text \<open>On the subspace \<open>Z = 0\<close>, i.e. on \<open>(V / span Z)\<^sup>*\<close>, \<open>\<psi>\<close> is \<open>c\<close> over the product of the forms
  of \<open>A\<close> that do not vanish identically there; the independence clause is what keeps every
  later pole simple.\<close>

definition residue_state :: "('k::field ^ 'n) set \<Rightarrow> ('k ^ 'n) list \<Rightarrow> ('k ^ 'n \<Rightarrow> 'k) \<Rightarrow> 'k \<Rightarrow> bool" where
  "residue_state A Z \<psi> c \<longleftrightarrow>
    (\<forall>x. (\<forall>z\<in>set Z. pair z x = 0) \<longrightarrow> (\<forall>k\<in>remaining_factors A Z. pair k x \<noteq> 0) \<longrightarrow>
       \<psi> x = c / (\<Prod>k\<in>remaining_factors A Z. pair k x)) \<and>
    (c \<noteq> 0 \<longrightarrow> vec.independent (remaining_factors A Z \<union> set Z))"

lemma Res_residue_state_on_line:
  assumes "finite A" and "residue_state A Z \<psi> c"
    and v: "\<forall>\<gamma>\<in>set Z. pair \<gamma> v = 0" "pair \<beta> v = 1"
    and x: "\<forall>z\<in>set (\<beta> # Z). pair z x = 0" "\<forall>k\<in>remaining_factors A (\<beta> # Z). pair k x \<noteq> 0"
  shows "regval (\<lambda>t. pair \<beta> (x + t *s v) * \<psi> (x + t *s v)) =
    regval (\<lambda>t. t * (c / (\<Prod>k\<in>remaining_factors A Z. pair k x + t * pair k v)))"
proof (rule regval_cong_cofinite)
  let ?K = "remaining_factors A Z"
  have "pair k x \<noteq> 0 \<or> pair k v \<noteq> 0" if "k \<in> ?K" for k
  proof (cases "k \<in> vec.span (insert \<beta> (set Z))")
    case True
    with that v show ?thesis
      using pair_ne_0_if_new_in_span_insert[of k \<beta> "set Z" v] by (simp add: remaining_factors_def)
  next
    case False
    with that x(2) show ?thesis
      by (simp add: remaining_factors_def)
  qed
  then have "finite (\<Union>k\<in>?K. {t. pair k x + t * pair k v = 0})"
    using \<open>finite A\<close> by (simp add: remaining_factors_def finite_zeros_affine)
  moreover have "pair \<beta> (x + t *s v) * \<psi> (x + t *s v) = t * (c / (\<Prod>k\<in>?K. pair k x + t * pair k v))"
    if "t \<notin> (\<Union>k\<in>?K. {t. pair k x + t * pair k v = 0})" for t
  proof -
    have "\<forall>z\<in>set Z. pair z (x + t *s v) = 0"
      using v(1) x(1) by (simp add: pair_line)
    moreover have "\<forall>k\<in>?K. pair k (x + t *s v) \<noteq> 0"
      using that by (simp add: pair_line)
    ultimately have "\<psi> (x + t *s v) = c / (\<Prod>k\<in>?K. pair k (x + t *s v))"
      using assms(2) by (simp add: residue_state_def)
    moreover have "pair \<beta> (x + t *s v) = t"
      using v(2) x(1) by (simp add: pair_line)
    ultimately show ?thesis
      by (simp add: pair_line)
  qed
  then have "{t. pair \<beta> (x + t *s v) * \<psi> (x + t *s v) \<noteq> t * (c / (\<Prod>k\<in>?K. pair k x + t * pair k v))}
      \<subseteq> (\<Union>k\<in>?K. {t. pair k x + t * pair k v = 0})"
    by blast
  ultimately show "finite {t. pair \<beta> (x + t *s v) * \<psi> (x + t *s v) \<noteq>
      t * (c / (\<Prod>k\<in>?K. pair k x + t * pair k v))}"
    by (rule finite_subset[rotated])
qed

- - -

PROBLEM STATEMENT: Search the data above for the string "moreover" and copy each line that has it.

REPLY:
  moreover have "pair \<beta> (x + t *s v) * \<psi> (x + t *s v) = t * (c / (\<Prod>k\<in>?K. pair k x + t * pair k v))"
    moreover have "\<forall>k\<in>?K. pair k (x + t *s v) \<noteq> 0"
    moreover have "pair \<beta> (x + t *s v) = t"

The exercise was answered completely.